TigerVNC has never been focused on providing a Windows server solution. 
  The primary developers have always used it in products that serve up 
Linux applications remotely, so the Windows client gets some testing, 
but not the Windows server for the most part.  There are major known 
issues with using the server on Windows 7-- service mode does not work 
properly, for instance, and it won't ever work without a complete 
rearchitecting of the code.  Basically, the service needs to be 
separated into a different process from the GUI, since services under 
Win7 can no longer access GUI functions.

I would suggest using another WinVNC server, such as UltraVNC, that is 
targetted for the type of work you are doing.  You won't get the same 
performance from UltraVNC that you will from TigerVNC, but it's at least 
decent (much better than RealVNC 4 or TightVNC, for sure.)  No sense in 
trying to make TigerVNC reinvent that wheel.  I am personally of the 
opinion that TigerVNC should either step up to the plate and fix the 
Windows server on Win7 or stop releasing that feature at all.

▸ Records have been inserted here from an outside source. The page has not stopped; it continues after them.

section \<open>The nuclear trace is the sum of the diagonal\<close>

lemma nuclear_rep_coeff_tendsto:
  fixes T :: "(int^'n \<Rightarrow> complex) \<Rightarrow> int^'n \<Rightarrow> complex"
  assumes p: "1 < p" and T: "nuclear_rep w p 2 T l y" and c: "c \<in> besov_space w p 2"
  shows "(\<lambda>N. \<Sum>k<N. l k c * y k \<xi>) \<longlonglongrightarrow> T c \<xi>"
proof -
  define D where "D N = (\<lambda>\<eta>. T c \<eta> - (\<Sum>k<N. l k c * y k \<eta>))" for N
  have y: "\<And>k. y k \<in> besov_space w p 2" and Tc: "T c \<in> besov_space w p 2"
    and lim: "(\<lambda>N. besov_norm w p 2 (D N)) \<longlonglongrightarrow> 0"
    using T c unfolding nuclear_rep_def D_def by auto
  have D: "D N \<in> besov_space w p 2" for N
    unfolding D_def using p by (intro besov_space_diff besov_space_sum besov_space_scale Tc y) auto
  have "(\<lambda>N. D N \<xi>) \<longlonglongrightarrow> 0"
  proof (rule Lim_null_comparison)
    show "\<forall>\<^sub>F N in sequentially. norm (D N \<xi>) \<le> 2 powr (- (real (block_index \<xi>) * w)) * besov_norm w p 2 (D N)"
      by (intro always_eventually allI norm_coeff_le_besov_norm[OF p D])
    show "(\<lambda>N. 2 powr (- (real (block_index \<xi>) * w)) * besov_norm w p 2 (D N)) \<longlonglongrightarrow> 0"
      by (rule tendsto_mult_right_zero[OF lim])
  qed
  then have "(\<lambda>N. T c \<xi> - D N \<xi>) \<longlonglongrightarrow> T c \<xi> - 0" by (intro tendsto_diff tendsto_const)
  then show ?thesis by (simp add: D_def)
qed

On 12/9/13 5:50 PM, Ronald F. Guilmette wrote:
>
>
> As I said before, given that I'm only just starating out with this
> thing (TigerVNC) I shouldn't really be throwing out suggestions to
> the developers at this point, but as that has never stopped me
> before...
>
> I'm not sure what the target market / user base is for this package,
> but if the developers hope to make this into a mainstream mass market
> kind of thing, then I do believe that it would be most helpful to make
> it rather more of a "no brainer", specifically on the Windows (server)
> side.
>
> I mean seriously, in an ideal universe, I'd just be able to tell my
> friend Jessica in Palm Beach (who has very meager understanding of
> computers generally, and who I would like to be able to help, remotely,
> with her occasional computer glitches) "Look, go to this web site,
> download this thing, install it, following the prompts, tell me the
> password, and then I'll connect to you and get your problem sorted out."
>
> I dunno if any of you folks have ever interacted with Dell software
> support, but this is pretty much how their system works.  They tell
> you to run this (pre-installed) then and they give you a magic cookie
> and then within 5 minutes they are controlling your Windows PC and
> are seeing everything that you are seeing.  It's smooth, a no-brainer,
> and it works.  I know.  I've seen it.  The Windows end-luser doesn't
> have to diddle around with any firewall settings, and in fact never
> even has to set-up a password.
>
> And as long as I'm on this rant, allow me to just mention a couple
> of other unexpected oddities that cropped up as I was trying to get
> this thing going on the Windows (server) side...
>
> After receiveing a clue or three here on this list, I properly ran
> the Windows server configurator tool/thingy and set a password and
> other options.  (Actually, I _did not_ set any other options, because
> all of the defaults looked entirely sensible to me.)  Then I did what
> I almost always do with newly installed programs on my Windows system
> that I may want to re-run later on... I put a fresh shortcut/icon on
> my desktop for the thing... in this case the TigerVNC (User-mode) server
> itself.  Of course, then I wanted to run the thing, so I double clicked
> it.  Nothing happened.  This is often an indication that I failed to
> tap that second click in fast enough to make Windows happy.  So what
> did I do?  (What would _you_ do?)  I double-clicked the thing again,
> of course.
>
> Well, come to find out a bit later on that the effect of all this was
> that (unbeknownst to me) I ended up having not one but *two* copies of
> the TigerVNC server running on the Windows system simultaneously!  Yikes!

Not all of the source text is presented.